Though the vegetative anatomy appears to be largely cryptic between Laurenciella marilzae and L. namii sp. nov., the two species are quite distinct in overall habit. Laurenciella namii sp. nov. reaches twice the height of L. marilzae and has a thallus texture that is fleshy rather than cartilaginous. The main axes of L. namii sp. nov. are slender and are distinctly lax ( Fig. 4A), never displaying the characteristic “turf ” form possessed by L. marilzae in the Caribbean ( Sentíes et al. 2011). Branching patterns in L. namii sp. nov. are more irregular than alternate ( Fig. 4A, B), with upper portions of the thallus tending to be profusely branched, whereas lower portions are often denuded at maturity ( Fig. 4A). The habitats of both Caribbean and Canary Islands specimens of L. marilzae are documented as exposed sites in the low intertidal zone ( Gil-Rodriguez et al. 2009, Sentíes et al. 2011). Our collections of L. namii sp. nov. from Bermuda and Florida are exclusively found in the subtidal and are especially common in shallow, relatively protected habitats at both locations.

Therefore, after a thorough assessment of species in the ‘ Laurencia -complex’ from the western Atlantic, we determined that our specimens of Laurenciella namii sp. nov. are unique. We did consider the historical name Laurencia obtusa var. gracilis (C.Agardh) Kützing based on the illustrations and description of Kützing (1865), which we interpreted as “delicate branches spreading widely,” and ofCollins & Hervey (1917) who describe it as a “delicate, soft and slender form.” Without seeing the original Chondria obtusa var. gracilis in Lund that Agardh (1822) reported from the West Indies, we believe linking this variety to the new species of Laurenciella would be unwise at present. We did not observe Laurencia obtusa var. gracilis in our collections from St. Croix in the West Indies, the type locality of this variety. Interestingly, images of specimens from Bermuda with the characteristics of Laurenciella namii sp. nov., also previously identified as Laurencia obtusa , can be found illustrated on the Macroalgal Herbarium Portal (https://macroalgae.org/portal/collections/ index.php), so this large species in the complex has been an important member of the flora as long as specimens have been collected in the islands.
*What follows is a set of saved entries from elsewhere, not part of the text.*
(* Let $(\{\boldsymbol\beta^i\}_{i\in I},\{\eta^{i<j}\}_{i<j\in I},z)$ be an $I$-filtered chain complex of attaching circles in $(\Sigma,z)$, and let $\boldsymbol\alpha$ be a further complete set of attaching circles such that for every sequence $i_1<\dots<i_n$ in $I$ the multi-diagram $(\Sigma,\boldsymbol\alpha,\boldsymbol\beta^{i_1},\dots,\boldsymbol\beta^{i_n},z)$ is weakly admissible. For $i<j$ define $D^{i<j}:\widehat{CF}(\boldsymbol\alpha,\boldsymbol\beta^i,z)\to\widehat{CF}(\boldsymbol\alpha,\boldsymbol\beta^j,z)$ by $$D^{i<j}(\mathbf x)=\sum_{i=i_1<\dots<i_n=j} m_n(\eta^{i_{n-1}<i_n},\dots,\eta^{i_1<i_2},\mathbf x).$$ Then $\{\widehat{CF}(\boldsymbol\alpha,\boldsymbol\beta^i,z)\}_{i\in I}$ together with the maps $D^{i<j}$ is an $I$-filtered chain complex, i.e. for all $i<k$, $d(D^{i<k})=\sum_{i<j<k}D^{j<k}\circ D^{i<j}$, where $d$ is the differential on the morphism complex. Its associated graded complex is $\bigoplus_{i\in I}\widehat{CF}(\boldsymbol\alpha,\boldsymbol\beta^i,z)$.
   Context: Work over $\mathbb F_2$. Let $(\Sigma,z)$ be a closed oriented surface of genus $g$ with basepoint $z$. A complete set of attaching circles is a $g$-tuple of pairwise disjoint, homologically independent embedded circles in $\Sigma\setminus\{z\}$. For complete sets $\boldsymbol\beta^a,\boldsymbol\beta^b$, $\widehat{CF}(\boldsymbol\beta^a,\boldsymbol\beta^b,z)$ is the $\mathbb F_2$-vector space generated by $T_{\boldsymbol\beta^a}\cap T_{\boldsymbol\beta^b}\subset\mathrm{Sym}^g(\Sigma\setminus z)$, where $T_{\boldsymbol\beta}$ is the torus $\beta_1\times\dots\times\beta_g$. For a weakly admissible multi-diagram $(\Sigma,\boldsymbol\beta^0,\dots,\boldsymbol\beta^n,z)$ and a generic admissible family of almost-complex structures, $m_n:\widehat{CF}(\boldsymbol\beta^{n-1},\boldsymbol\beta^n,z)\otimes\dots\otimes\widehat{CF}(\boldsymbol\beta^0,\boldsymbol\beta^1,z)\to\widehat{CF}(\boldsymbol\beta^0,\boldsymbol\beta^n,z)$ counts rigid (expected dimension $0$) embedded holomorphic $(n+1)$-gons with multiplicity $0$ at $z$ (note the order of the inputs); $m_1$ is the differential, and the $m_n$ satisfy the $A_\infty$ relations. For a finite poset $I$, an $I$-filtered chain complex of attaching circles consists of complete sets $\{\boldsymbol\beta^i\}_{i\in I}$ such that each $(\Sigma,\boldsymbol\beta^{i_1},\dots,\boldsymbol\beta^{i_n},z)$, $i_1<\dots<i_n$, is weakly admissible, together with chains $\eta^{i<j}\in\widehat{CF}(\boldsymbol\beta^i,\boldsymbol\beta^j,z)$ for $i<j$, satisfying for all $i<j$: $\sum_{n\ge1}\sum_{i=i_0<i_1<\dots<i_n=j}m_n(\eta^{i_{n-1}<i_n},\dots,\eta^{i_0<i_1})=0$. An $I$-filtered chain complex is a collection of chain complexes $C^i$ with degree-zero maps $D^{i<j}\in\mathrm{Mor}(C^i,C^j[1])$ satisfying $d(D^{i<k})=\sum_{i<j<k}D^{j<k}\circ D^{i<j}$; equivalently $\sum_i\partial^i+\sum_{i<j}D^{i<j}$ is a differential on $\bigoplus_iC^i$. *)

theory Defs
  imports Main "HOL-Library.Z2" "HOL-Library.Function_Algebras"
begin

text \<open>Chains over F2: functions from generators (intersection points) to bit
  with support in the given generating set.  Objects of type 'o stand for
  complete sets of attaching circles; gens a b is the finite set of generators
  of CF-hat(a,b,z).\<close>

definition CF :: "('o \<Rightarrow> 'o \<Rightarrow> 'g set) \<Rightarrow> 'o \<Rightarrow> 'o \<Rightarrow> ('g \<Rightarrow> bit) set" where
  "CF gens a b = {x. \<forall>g. x g \<noteq> 0 \<longrightarrow> g \<in> gens a b}"

text \<open>The paper's m_n(x_n,...,x_1) is written here m os [x_1,...,x_n].\<close>

definition composable :: "('o \<Rightarrow> 'o \<Rightarrow> 'g set) \<Rightarrow> 'o list \<Rightarrow> ('g \<Rightarrow> bit) list \<Rightarrow> bool" where
  "composable gens os xs \<longleftrightarrow> xs \<noteq> [] \<and> length os = Suc (length xs) \<and>
     (\<forall>k < length xs. xs ! k \<in> CF gens (os ! k) (os ! Suc k))"

text \<open>Left-hand side of the A-infinity relation (over F2):
  sum over 0 <= p < q <= n of m(x_1..x_p, m(x_(p+1)..x_q), x_(q+1)..x_n).\<close>

definition ainf_sum :: "('o list \<Rightarrow> ('g \<Rightarrow> bit) list \<Rightarrow> ('g \<Rightarrow> bit)) \<Rightarrow> 'o list \<Rightarrow> ('g \<Rightarrow> bit) list \<Rightarrow> ('g \<Rightarrow> bit)" where
  "ainf_sum m os xs = (\<Sum>(p, q) \<in> {(p, q). p < q \<and> q \<le> length xs}.
      m (take (Suc p) os @ drop q os)
        (take p xs @ [m (take (Suc (q - p)) (drop p os)) (take (q - p) (drop p xs))] @ drop q xs))"

text \<open>Abstract holomorphic polygon maps: adm is weak admissibility of a
  multi-diagram (Sigma, os, z); m os xs is the polygon count m_n.\<close>

definition polygon_maps :: "('o \<Rightarrow> 'o \<Rightarrow> 'g set) \<Rightarrow> ('o list \<Rightarrow> bool) \<Rightarrow>
    ('o list \<Rightarrow> ('g \<Rightarrow> bit) list \<Rightarrow> ('g \<Rightarrow> bit)) \<Rightarrow> bool" where
  "polygon_maps gens adm m \<longleftrightarrow>
     (\<forall>a b. finite (gens a b)) \<and>
     (\<forall>os os'. adm os \<longrightarrow> os' \<in> set (subseqs os) \<longrightarrow> 2 \<le> length os' \<longrightarrow> adm os') \<and>
     (\<forall>os xs. adm os \<longrightarrow> composable gens os xs \<longrightarrow> m os xs \<in> CF gens (hd os) (last os)) \<and>
     (\<forall>os xs k x y. adm os \<longrightarrow> composable gens os xs \<longrightarrow> k < length xs \<longrightarrow>
        x \<in> CF gens (os ! k) (os ! Suc k) \<longrightarrow> y \<in> CF gens (os ! k) (os ! Suc k) \<longrightarrow>
        m os (xs[k := x + y]) = m os (xs[k := x]) + m os (xs[k := y])) \<and>
     (\<forall>os xs. adm os \<longrightarrow> composable gens os xs \<longrightarrow> ainf_sum m os xs = 0)"

definition chains :: "'i::order \<Rightarrow> 'i \<Rightarrow> 'i list set" where
  "chains i j = {cs. cs \<noteq> [] \<and> sorted_wrt (<) cs \<and> hd cs = i \<and> last cs = j}"

definition etas :: "('i \<Rightarrow> 'i \<Rightarrow> 'c) \<Rightarrow> 'i list \<Rightarrow> 'c list" where
  "etas \<eta> cs = map (\<lambda>k. \<eta> (cs ! k) (cs ! Suc k)) [0..<length cs - 1]"

definition filtered_circles :: "('o \<Rightarrow> 'o \<Rightarrow> 'g set) \<Rightarrow> ('o list \<Rightarrow> bool) \<Rightarrow>
    ('o list \<Rightarrow> ('g \<Rightarrow> bit) list \<Rightarrow> ('g \<Rightarrow> bit)) \<Rightarrow>
    ('i::{order,finite} \<Rightarrow> 'o) \<Rightarrow> ('i \<Rightarrow> 'i \<Rightarrow> ('g \<Rightarrow> bit)) \<Rightarrow> bool" where
  "filtered_circles gens adm m \<beta> \<eta> \<longleftrightarrow>
     (\<forall>cs. 2 \<le> length cs \<longrightarrow> sorted_wrt (<) cs \<longrightarrow> adm (map \<beta> cs)) \<and>
     (\<forall>i j. i < j \<longrightarrow> \<eta> i j \<in> CF gens (\<beta> i) (\<beta> j)) \<and>
     (\<forall>i j. i < j \<longrightarrow> (\<Sum>cs \<in> chains i j. m (map \<beta> cs) (etas \<eta> cs)) = 0)"

definition Dmap :: "('o list \<Rightarrow> ('g \<Rightarrow> bit) list \<Rightarrow> ('g \<Rightarrow> bit)) \<Rightarrow> 'o \<Rightarrow>
    ('i::{order,finite} \<Rightarrow> 'o) \<Rightarrow> ('i \<Rightarrow> 'i \<Rightarrow> ('g \<Rightarrow> bit)) \<Rightarrow> 'i \<Rightarrow> 'i \<Rightarrow> ('g \<Rightarrow> bit) \<Rightarrow> ('g \<Rightarrow> bit)" where
  "Dmap m \<alpha> \<beta> \<eta> i j x = (\<Sum>cs \<in> chains i j. m (\<alpha> # map \<beta> cs) (x # etas \<eta> cs))"

end

theory Submission
  imports Defs
begin

text \<open>
  Fix \<open>i < k\<close> and \<open>x \<in> CF(\<alpha>, \<beta>\<^sup>i)\<close>.  For every chain \<open>cs\<close> from \<open>i\<close> to \<open>k\<close> the
  \<open>A\<^sub>\<infinity>\<close> relation for the inputs \<open>x, \<eta>, \<dots>, \<eta>\<close> along \<open>\<alpha>, \<beta>(cs)\<close> vanishes; we sum these
  relations over all chains.  Each term has an inner polygon, which either eats only
  \<open>\<eta>\<close>'s along a sub-chain \<open>s\<close> (\<open>\<eta>\<close>-terms) or eats \<open>x\<close> and the \<open>\<eta>\<close>'s along a prefix (\<open>x\<close>-terms).
  Grouping the \<open>\<eta>\<close>-terms by the chain left after collapsing \<open>s\<close> to its endpoints, each group
  is a polygon applied to the compatibility sum of the \<open>\<eta>\<close>'s, hence zero by multilinearity.
  The \<open>x\<close>-terms give \<open>m\<^sub>1 \<circ> D\<^sup>i\<^sup><\<^sup>k\<close> (prefix = whole chain), \<open>D\<^sup>i\<^sup><\<^sup>k \<circ> m\<^sub>1\<close> (prefix = \<open>[i]\<close>)
  and \<open>\<Sum>\<^sub>j D\<^sup>j\<^sup><\<^sup>k \<circ> D\<^sup>i\<^sup><\<^sup>j\<close> (proper prefix ending at \<open>j\<close>).
\<close>

lemma add_self_eq_zero: "(f :: 'g \<Rightarrow> bit) + f = 0"
  by (rule ext) simp

lemma CF_zero: "0 \<in> CF gens a b"
  by (simp add: CF_def)

lemma CF_add: "x \<in> CF gens a b \<Longrightarrow> y \<in> CF gens a b \<Longrightarrow> x + y \<in> CF gens a b"
  by (auto simp: CF_def)

lemma CF_sum: "(\<And>s. s \<in> S \<Longrightarrow> f s \<in> CF gens a b) \<Longrightarrow> sum f S \<in> CF gens a b"
  by (induction S rule: infinite_finite_induct) (auto simp: CF_zero CF_add)

lemma sorted_less_distinct: "sorted_wrt (<) (xs :: 'a::order list) \<Longrightarrow> distinct xs"
  by (induction xs) auto

lemma sorted_less_between_hd_last:
  "sorted_wrt (<) (s :: 'a::order list) \<Longrightarrow> y \<in> set s \<Longrightarrow> hd s \<le> y \<and> y \<le> last s"
proof (induction s)
  case (Cons a s)
  then show ?case
    by (cases "s = []") (auto intro: less_imp_le dest: bspec[of _ _ "last s"])
qed simp

lemma chains_length_le: "cs \<in> chains (i :: 'i::{order,finite}) j \<Longrightarrow> length cs \<le> card (UNIV :: 'i set)"
proof -
  assume "cs \<in> chains i j"
  hence "distinct cs" unfolding chains_def using sorted_less_distinct by auto
  hence "length cs = card (set cs)" by (simp add: distinct_card)
  also have "\<dots> \<le> card (UNIV :: 'i set)" by (rule card_mono) auto
  finally show ?thesis .
qed

lemma finite_chains: "finite (chains (i :: 'i::{order,finite}) j)"
proof (rule finite_subset)
  show "chains i j \<subseteq> {xs. set xs \<subseteq> UNIV \<and> length xs \<le> card (UNIV :: 'i set)}"
    using chains_length_le by blast
qed (rule finite_lists_length_le, simp)

lemma chains_length_ge_2: "i < j \<Longrightarrow> cs \<in> chains i j \<Longrightarrow> 2 \<le> length cs"
  unfolding chains_def by (cases cs; cases "tl cs") auto

lemma chain_insert:
  assumes "2 \<le> length s"
  shows "a @ s @ b \<in> chains i k \<longleftrightarrow>
    a @ [hd s, last s] @ b \<in> chains i k \<and> s \<in> chains (hd s) (last s)"
proof -
  obtain u r v where s: "s = u # r @ [v]"
    using assms by (cases s; cases "tl s" rule: rev_cases) auto
  have "sorted_wrt (<) (a @ s @ b) \<longleftrightarrow> sorted_wrt (<) (a @ [u, v] @ b) \<and> sorted_wrt (<) s"
  proof
    assume "sorted_wrt (<) (a @ [u, v] @ b) \<and> sorted_wrt (<) s"
    moreover from this have "\<And>y. y \<in> set s \<Longrightarrow> u \<le> y \<and> y \<le> v"
      using sorted_less_between_hd_last[of s] s by auto
    ultimately show "sorted_wrt (<) (a @ s @ b)"
      using s by (auto simp: sorted_wrt_append intro: less_le_trans le_less_trans)
  qed (auto simp: s sorted_wrt_append)
  moreover have "hd (a @ s @ b) = hd (a @ [u, v] @ b)" "last (a @ s @ b) = last (a @ [u, v] @ b)"
    using s by (cases a; cases b rule: rev_cases; simp)+
  ultimately show ?thesis
    using s unfolding chains_def by auto
qed

lemma chain_concat:
  assumes "s \<noteq> []" "b \<noteq> []"
  shows "s @ b \<in> chains i k \<longleftrightarrow> s \<in> chains i (last s) \<and> last s # b \<in> chains (last s) k"
proof -
  have "sorted_wrt (<) (s @ b) \<longleftrightarrow> sorted_wrt (<) s \<and> sorted_wrt (<) (last s # b)"
  proof
    assume "sorted_wrt (<) s \<and> sorted_wrt (<) (last s # b)"
    thus "sorted_wrt (<) (s @ b)"
      using sorted_less_between_hd_last[of s]
      by (auto simp: sorted_wrt_append intro: le_less_trans)
  qed (use assms in \<open>auto simp: sorted_wrt_append\<close>)
  thus ?thesis
    using assms unfolding chains_def by auto
qed

lemma etas_length [simp]: "length (etas \<eta> cs) = length cs - 1"
  by (simp add: etas_def)

lemma etas_nth: "k < length cs - 1 \<Longrightarrow> etas \<eta> cs ! k = \<eta> (cs ! k) (cs ! Suc k)"
  by (simp add: etas_def)

lemma etas_Nil [simp]: "etas \<eta> [] = []"
  and etas_single [simp]: "etas \<eta> [u] = []"
  by (simp_all add: etas_def)

lemma etas_Cons_Cons [simp]: "etas \<eta> (u # v # r) = \<eta> u v # etas \<eta> (v # r)"
  by (rule nth_equalityI) (auto simp: etas_nth nth_Cons split: nat.splits)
A second genetically distinct species of Laurenciella from Bermuda has been discovered in this study. Based on rbc L sequences, the closest neighbor to ‘ Laurenciella sp. 1 Bda’ ( Fig. 1) is an undescribed specimen from Brazil, Laurenciella sp. 2 ( Cassano et al. 2012b) from which it differs by 0.4%. These likely represent a single species of Laurenciella with a broad distribution in the western Atlantic. A second undescribed species from Brazil, Laurenciella sp. 3 ( Cassano et al. 2012b) is closely related to these, with 0.9% divergence in rbc L. As with Yuzurua sp. 1 Bda, we have confirmed only a single collection representing this taxon.